MATERIAL FOR THIS TASK
definition bop_mpos :: "nat \<Rightarrow> (nat \<Rightarrow> nat \<Rightarrow> ('i \<Rightarrow> complex) \<Rightarrow> ('i \<Rightarrow> complex)) \<Rightarrow> bool" where
  "bop_mpos n T = (\<forall>u\<in>tup_l2 n. Im (tinner n (tapply n T u) u) = 0 \<and> 0 \<le> Re (tinner n (tapply n T u) u))"

definition cvnorm :: "nat \<Rightarrow> (nat \<Rightarrow> complex) \<Rightarrow> real" where
  "cvnorm n v = sqrt (\<Sum>k<n. (cmod (v k))^2)"

definition cmapply :: "nat \<Rightarrow> (nat \<Rightarrow> nat \<Rightarrow> complex) \<Rightarrow> (nat \<Rightarrow> complex) \<Rightarrow> (nat \<Rightarrow> complex)" where
  "cmapply n A v = (\<lambda>k. \<Sum>m<n. A k m * v m)"

definition cmnorm :: "nat \<Rightarrow> (nat \<Rightarrow> nat \<Rightarrow> complex) \<Rightarrow> real" where
  "cmnorm n A = (SUP v\<in>{v. cvnorm n v \<le> 1}. cvnorm n (cmapply n A v))"

definition cmpos :: "nat \<Rightarrow> (nat \<Rightarrow> nat \<Rightarrow> complex) \<Rightarrow> bool" where
  "cmpos n A = (\<forall>v. Im (\<Sum>k<n. cnj (v k) * cmapply n A v k) = 0
                  \<and> 0 \<le> Re (\<Sum>k<n. cnj (v k) * cmapply n A v k))"

text \<open>A complex vector space structure on the type 'v (addition from the type class,
  complex scalar multiplication explicit), an involution, matrix norms on M_n('v) and
  matrix cones M_n('v)^+.  An n x n matrix is a function nat => nat => 'v (entries < n used).\<close>
record 'v mstruct =
  msc   :: "complex \<Rightarrow> 'v \<Rightarrow> 'v"
  minv  :: "'v \<Rightarrow> 'v"
  mnorm :: "nat \<Rightarrow> (nat \<Rightarrow> nat \<Rightarrow> 'v) \<Rightarrow> real"
  mpos  :: "nat \<Rightarrow> (nat \<Rightarrow> nat \<Rightarrow> 'v) set"

definition operator_system :: "'i itself \<Rightarrow> ('v::ab_group_add) mstruct \<Rightarrow> bool" where
  "operator_system _ S \<longleftrightarrow> (\<exists>j :: 'v \<Rightarrow> (('i \<Rightarrow> complex) \<Rightarrow> ('i \<Rightarrow> complex)).
      (\<forall>x. j x \<in> bop) \<and> inj j
    \<and> (\<forall>x y. j (x + y) = (\<lambda>u i. j x u i + j y u i))
    \<and> (\<forall>c x. j (msc S c x) = (\<lambda>u i. c * j x u i))
    \<and> (\<forall>x. \<forall>u\<in>l2. \<forall>w\<in>l2. l2inner (j x u) w = l2inner u (j (minv S x) w))
    \<and> (\<forall>n\<ge>1. \<forall>X. mnorm S n X = bop_mnorm n (\<lambda>a b. j (X a b)))
    \<and> (\<forall>n\<ge>1. \<forall>X. X \<in> mpos S n \<longleftrightarrow> bop_mpos n (\<lambda>a b. j (X a b))))"

text \<open>Amplification: for phi : V -> M_m and X in M_n(V), phi_n(X) in M_{nm}
  (index p = block * m + entry).\<close>
definition amp :: "nat \<Rightarrow> ('v \<Rightarrow> nat \<Rightarrow> nat \<Rightarrow> complex) \<Rightarrow> (nat \<Rightarrow> nat \<Rightarrow> 'v) \<Rightarrow> (nat \<Rightarrow> nat \<Rightarrow> complex)" where
  "amp m \<phi> X = (\<lambda>p q. \<phi> (X (p div m) (q div m)) (p mod m) (q mod m))"

definition clin_mat :: "('v::ab_group_add) mstruct \<Rightarrow> ('v \<Rightarrow> nat \<Rightarrow> nat \<Rightarrow> complex) \<Rightarrow> bool" where
  "clin_mat S \<phi> \<longleftrightarrow> (\<forall>x y a b. \<phi> (x + y) a b = \<phi> x a b + \<phi> y a b)
                    \<and> (\<forall>c x a b. \<phi> (msc S c x) a b = c * \<phi> x a b)"

definition QS :: "('v::ab_group_add) mstruct \<Rightarrow> nat \<Rightarrow> ('v \<Rightarrow> nat \<Rightarrow> nat \<Rightarrow> complex) set" where
  "QS S m = {\<phi>. clin_mat S \<phi>
      \<and> (\<forall>n\<ge>1. \<forall>X. cmnorm (n * m) (amp m \<phi> X) \<le> mnorm S n X)
      \<and> (\<forall>n\<ge>1. \<forall>X\<in>mpos S n. cmpos (n * m) (amp m \<phi> X))}"

definition coprod :: "('a::ab_group_add) mstruct \<Rightarrow> ('b::ab_group_add) mstruct \<Rightarrow> ('a \<times> 'b) mstruct" where
  "coprod S T = \<lparr> msc = (\<lambda>c xy. (msc S c (fst xy), msc T c (snd xy))),
     minv = (\<lambda>xy. (minv S (fst xy), minv T (snd xy))),
     mnorm = (\<lambda>n X. SUP t\<in>{(m, \<phi>, \<psi>). m \<ge> 1 \<and> \<phi> \<in> QS S m \<and> \<psi> \<in> QS T m}.
        (case t of (m, \<phi>, \<psi>) \<Rightarrow>
           cmnorm (n * m) (\<lambda>p q. amp m \<phi> (\<lambda>a b. fst (X a b)) p q
                               + amp m \<psi> (\<lambda>a b. snd (X a b)) p q))),
     mpos = (\<lambda>n. {X. (\<lambda>a b. fst (X a b)) \<in> mpos S n \<and> (\<lambda>a b. snd (X a b)) \<in> mpos T n}) \<rparr>"
(* Let $P$ be a locally finite poset, $R$ a commutative unital ring, and $n\ge 3$. Let $\mathbf{x}=(x_1,\mathbf{u})$ and $\mathbf{y}=(\mathbf{v},y_n)$ be elements of $P^n_\le$, where $x_1,y_n\in P$ and $\mathbf{u},\mathbf{v}\in P^{n-1}_\le$. Then in $I^n(P,R)$, $$e_{\mathbf{x}}e_{\mathbf{y}}=\begin{cases}\sum_{\mathbf{z}\in\mathcal{I}(\mathbf{u})} e_{(x_1,\mathbf{z},y_n)}, & \mathbf{u}=\mathbf{v},\\ 0,& \mathbf{u}\ne\mathbf{v}.\end{cases}$$
   Context: For a poset $P$ and $n\ge 2$, $P^n_\le=\{(x_1,\dots,x_n)\in P^n: x_1\le\dots\le x_n\}$. For $\mathbf{x}=(x_1,\dots,x_n)\in P^n_\le$, $\mathcal{I}(\mathbf{x})=[x_1,x_2]\times\dots\times[x_{n-1},x_n]\subseteq P^{n-1}_\le$, where $[a,b]=\{c\in P: a\le c\le b\}$. The $n$-th partial flag incidence algebra $I^n(P,R)$ is the $R$-module of functions $f:P^n_\le\to R$ with multiplication $(fg)(\mathbf{x})=\sum_{\mathbf{y}\in\mathcal{I}(\mathbf{x})}f(x_1,\mathbf{y})g(\mathbf{y},x_n)$. For $\mathbf{x}\in P^n_\le$, $e_{\mathbf{x}}\in I^n(P,R)$ is the function equal to $1$ at $\mathbf{x}$ and $0$ elsewhere. *)

theory Defs
  imports Main
begin

text \<open>Tuples in \<open>P^n\<close> are represented as lists of length n over a type \<open>'a :: order\<close>
  (the poset P). Functions \<open>P^n_\<le> \<rightarrow> R\<close> are represented as functions on lists
  that are zero off \<open>P^n_\<le>\<close>.\<close>

definition chains :: "nat \<Rightarrow> ('a::order) list set" where
  "chains n = {xs. length xs = n \<and> (\<forall>i. Suc i < length xs \<longrightarrow> xs ! i \<le> xs ! Suc i)}"

definition intv_prod :: "('a::order) list \<Rightarrow> 'a list set" where
  "intv_prod xs = {ys. length ys = length xs - 1 \<and>
      (\<forall>i < length ys. xs ! i \<le> ys ! i \<and> ys ! i \<le> xs ! Suc i)}"

definition locally_finite_order :: "('a::order) itself \<Rightarrow> bool" where
  "locally_finite_order _ \<longleftrightarrow> (\<forall>a b::'a. finite {a..b})"

definition pfi_mult :: "nat \<Rightarrow> (('a::order) list \<Rightarrow> 'r::comm_ring_1) \<Rightarrow> ('a list \<Rightarrow> 'r)
    \<Rightarrow> ('a list \<Rightarrow> 'r)" where
  "pfi_mult n f g = (\<lambda>x. if x \<in> chains n
      then (\<Sum>y\<in>intv_prod x. f (hd x # y) * g (y @ [last x])) else 0)"

definition pfi_e :: "('a::order) list \<Rightarrow> ('a list \<Rightarrow> 'r::comm_ring_1)" where
  "pfi_e x = (\<lambda>w. if w = x then 1 else 0)"

end

theory Submission
  imports Defs
begin

text \<open>At a flag \<open>w\<close>, the sum defining \<open>e\<^sub>x e\<^sub>y\<close> has at most one nonzero term, the one indexed
  by \<open>u\<close>; it survives iff \<open>u = v\<close>, \<open>w\<close> runs from \<open>x\<^sub>1\<close> to \<open>y\<^sub>n\<close>, and \<open>u \<in> \<I>(w)\<close>. A list
  interlaced by \<open>u\<close> in this way is automatically a chain, and dropping its endpoints yields
  exactly an element of \<open>\<I>(u)\<close>; so the surviving \<open>w\<close> are the flags \<open>(x\<^sub>1, z, y\<^sub>n)\<close> with
  \<open>z \<in> \<I>(u)\<close>.\<close>

lemma chains_eq_sorted_wrt: "chains n = {xs. length xs = n \<and> sorted_wrt (\<le>) xs}"
  by (auto simp: chains_def sorted_wrt_iff_nth_Suc_transp)

lemma finite_intv_prod:
  assumes "locally_finite_order TYPE('a::order)"
  shows "finite (intv_prod (xs :: 'a list))"
proof -
  let ?S = "\<Union>i<length xs. {xs ! i..xs ! Suc i}"
  have "intv_prod xs \<subseteq> {ys. set ys \<subseteq> ?S \<and> length ys = length xs - 1}"
    by (fastforce simp: intv_prod_def in_set_conv_nth)
  moreover have "finite ?S"
    using assms by (auto simp: locally_finite_order_def)
  ultimately show ?thesis
    using finite_subset finite_lists_length_eq by blast
qed

lemma sorted_wrt_if_mem_intv_prod:
  assumes "ys \<in> intv_prod xs"
  shows "sorted_wrt (\<le>) xs"
proof -
  have "xs ! i \<le> xs ! Suc i" if "Suc i < length xs" for i
  proof -
    have "xs ! i \<le> ys ! i" "ys ! i \<le> xs ! Suc i"
      using assms that by (auto simp: intv_prod_def)
    then show ?thesis
      by (rule order_trans)
  qed
  then show ?thesis
    by (simp add: sorted_wrt_iff_nth_Suc_transp)
qed

lemma mem_intv_prod_Cons_snoc_iff:
  assumes len: "length u = Suc (length z)"
  shows "u \<in> intv_prod (a # z @ [b]) \<longleftrightarrow> a \<le> hd u \<and> last u \<le> b \<and> z \<in> intv_prod u"
proof -
  let ?w = "a # z @ [b]"
  have "u \<noteq> []" using len by auto
  have lower: "(\<forall>i<length u. ?w ! i \<le> u ! i) \<longleftrightarrow> a \<le> hd u \<and> (\<forall>j<length z. z ! j \<le> u ! Suc j)"
    unfolding len All_less_Suc2 using \<open>u \<noteq> []\<close> by (simp add: nth_append hd_conv_nth)
  have upper: "(\<forall>i<length u. u ! i \<le> ?w ! Suc i) \<longleftrightarrow> (\<forall>j<length z. u ! j \<le> z ! j) \<and> last u \<le> b"
    unfolding len All_less_Suc using len \<open>u \<noteq> []\<close> by (auto simp: nth_append last_conv_nth)
  show ?thesis
    using len lower upper unfolding intv_prod_def by auto
qed

lemma interlaced_chains_eq:
  assumes "n \<ge> 2" "a # u \<in> chains n" "u @ [b] \<in> chains n"
  shows "{w \<in> chains n. hd w = a \<and> last w = b \<and> u \<in> intv_prod w} = (\<lambda>z. a # z @ [b]) ` intv_prod u"
proof -
  have len_u: "length u = n - 1" and "u \<noteq> []"
    using assms by (auto simp: chains_def)
  have ends: "a \<le> hd u" "last u \<le> b"
    using assms(2,3) \<open>u \<noteq> []\<close> by (auto simp: chains_eq_sorted_wrt sorted_wrt_append)
  show ?thesis
  proof (intro set_eqI iffI)
    fix w assume "w \<in> {w \<in> chains n. hd w = a \<and> last w = b \<and> u \<in> intv_prod w}"
    then have w: "w \<in> chains n" "hd w = a" "last w = b" "u \<in> intv_prod w"
      by auto
    have "length w = n"
      using w(1) by (simp add: chains_def)
    then have "w \<noteq> []" "tl w \<noteq> []"
      using assms(1) by (auto simp flip: length_greater_0_conv)
    then have w_eq: "w = a # butlast (tl w) @ [b]"
      using w(2,3) by (metis append_butlast_last_id hd_Cons_tl last_tl)
    have "length u = Suc (length (butlast (tl w)))"
      using \<open>length w = n\<close> len_u assms(1) by simp
    then have "butlast (tl w) \<in> intv_prod u"
      using w(4) w_eq mem_intv_prod_Cons_snoc_iff by metis
    with w_eq show "w \<in> (\<lambda>z. a # z @ [b]) ` intv_prod u"
      by blast
  next
    fix w assume "w \<in> (\<lambda>z. a # z @ [b]) ` intv_prod u"
    then obtain z where z: "z \<in> intv_prod u" and w_eq: "w = a # z @ [b]"
      by blast
    have "length u = Suc (length z)"
      using z len_u assms(1) by (simp add: intv_prod_def)
    then have "u \<in> intv_prod w"
      using z ends w_eq mem_intv_prod_Cons_snoc_iff by metis
    moreover have "length w = n"
      using \<open>length u = Suc (length z)\<close> len_u assms(1) w_eq by simp
    ultimately have "w \<in> chains n"
      by (simp add: chains_eq_sorted_wrt sorted_wrt_if_mem_intv_prod)
    with \<open>u \<in> intv_prod w\<close> w_eq
    show "w \<in> {w \<in> chains n. hd w = a \<and> last w = b \<and> u \<in> intv_prod w}"
      by simp
  qed
qed

lemma sum_pfi_e_image:
  assumes "finite A" "inj_on f A"
  shows "(\<Sum>z\<in>A. pfi_e (f z) w :: 'r::comm_ring_1) = (if w \<in> f ` A then 1 else 0)"
proof -
  have "(\<Sum>z\<in>A. pfi_e (f z) w :: 'r) = (\<Sum>y\<in>f ` A. pfi_e y w)"
    using assms(2) by (simp add: sum.reindex)
  also have "\<dots> = (if w \<in> f ` A then 1 else 0)"
    using assms(1) by (simp add: pfi_e_def)
  finally show ?thesis .
qed

lemma pfi_mult_pfi_e_apply:
  assumes "finite (intv_prod w)"
  shows "pfi_mult n (pfi_e (a # u)) (pfi_e (v @ [b])) w =
    (if u = v \<and> w \<in> {w \<in> chains n. hd w = a \<and> last w = b \<and> u \<in> intv_prod w} then 1 else 0
      :: 'r::comm_ring_1)"
proof -
  have "(pfi_e (a # u) (hd w # y) :: 'r) * pfi_e (v @ [b]) (y @ [last w]) =
      (if u = y then if hd w = a \<and> last w = b \<and> u = v then 1 else 0 else 0)" for y
    by (auto simp: pfi_e_def)
  then show ?thesis
    using assms by (auto simp: pfi_mult_def)
qed

theorem proposition1p2:
  fixes x1 yn :: "'a::order" and u v :: "'a list" and n :: nat
  assumes "locally_finite_order TYPE('a)"
    and "n \<ge> 3"
    and "x1 # u \<in> chains n"
    and "v @ [yn] \<in> chains n"
  shows "pfi_mult n (pfi_e (x1 # u) :: 'a list \<Rightarrow> 'r::comm_ring_1) (pfi_e (v @ [yn])) =
    (if u = v then (\<lambda>w. \<Sum>z\<in>intv_prod u. pfi_e (x1 # z @ [yn]) w) else (\<lambda>w. 0))"
proof (cases "u = v")
  case True
  have interlaced:
    "{w \<in> chains n. hd w = x1 \<and> last w = yn \<and> u \<in> intv_prod w} = (\<lambda>z. x1 # z @ [yn]) ` intv_prod u"
    using assms(2-4) True by (intro interlaced_chains_eq) auto
  have "pfi_mult n (pfi_e (x1 # u) :: 'a list \<Rightarrow> 'r) (pfi_e (v @ [yn])) w =
      (\<Sum>z\<in>intv_prod u. pfi_e (x1 # z @ [yn]) w)" for w
  proof -
    have "pfi_mult n (pfi_e (x1 # u) :: 'a list \<Rightarrow> 'r) (pfi_e (v @ [yn])) w =
        (if w \<in> (\<lambda>z. x1 # z @ [yn]) ` intv_prod u then 1 else 0)"
      unfolding pfi_mult_pfi_e_apply[OF finite_intv_prod[OF assms(1)]] interlaced
      using True by simp
    also have "\<dots> = (\<Sum>z\<in>intv_prod u. pfi_e (x1 # z @ [yn]) w)"
      using finite_intv_prod[OF assms(1)] by (simp add: sum_pfi_e_image inj_on_def)
    finally show ?thesis .
  qed
  with True show ?thesis
    by auto
next
  case False
  then show ?thesis
    using finite_intv_prod[OF assms(1)] by (auto simp: pfi_mult_pfi_e_apply)
qed

end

WHAT YOU NEED TO DO
Take from the material above every line that includes the word "noteq".

OUTPUT FOR THIS EXERCISE
  have "u \<noteq> []" using len by auto
    unfolding len All_less_Suc2 using \<open>u \<noteq> []\<close> by (simp add: nth_append hd_conv_nth)
    unfolding len All_less_Suc using len \<open>u \<noteq> []\<close> by (auto simp: nth_append last_conv_nth)
  have len_u: "length u = n - 1" and "u \<noteq> []"
    using assms(2,3) \<open>u \<noteq> []\<close> by (auto simp: chains_eq_sorted_wrt sorted_wrt_append)
    then have "w \<noteq> []" "tl w \<noteq> []"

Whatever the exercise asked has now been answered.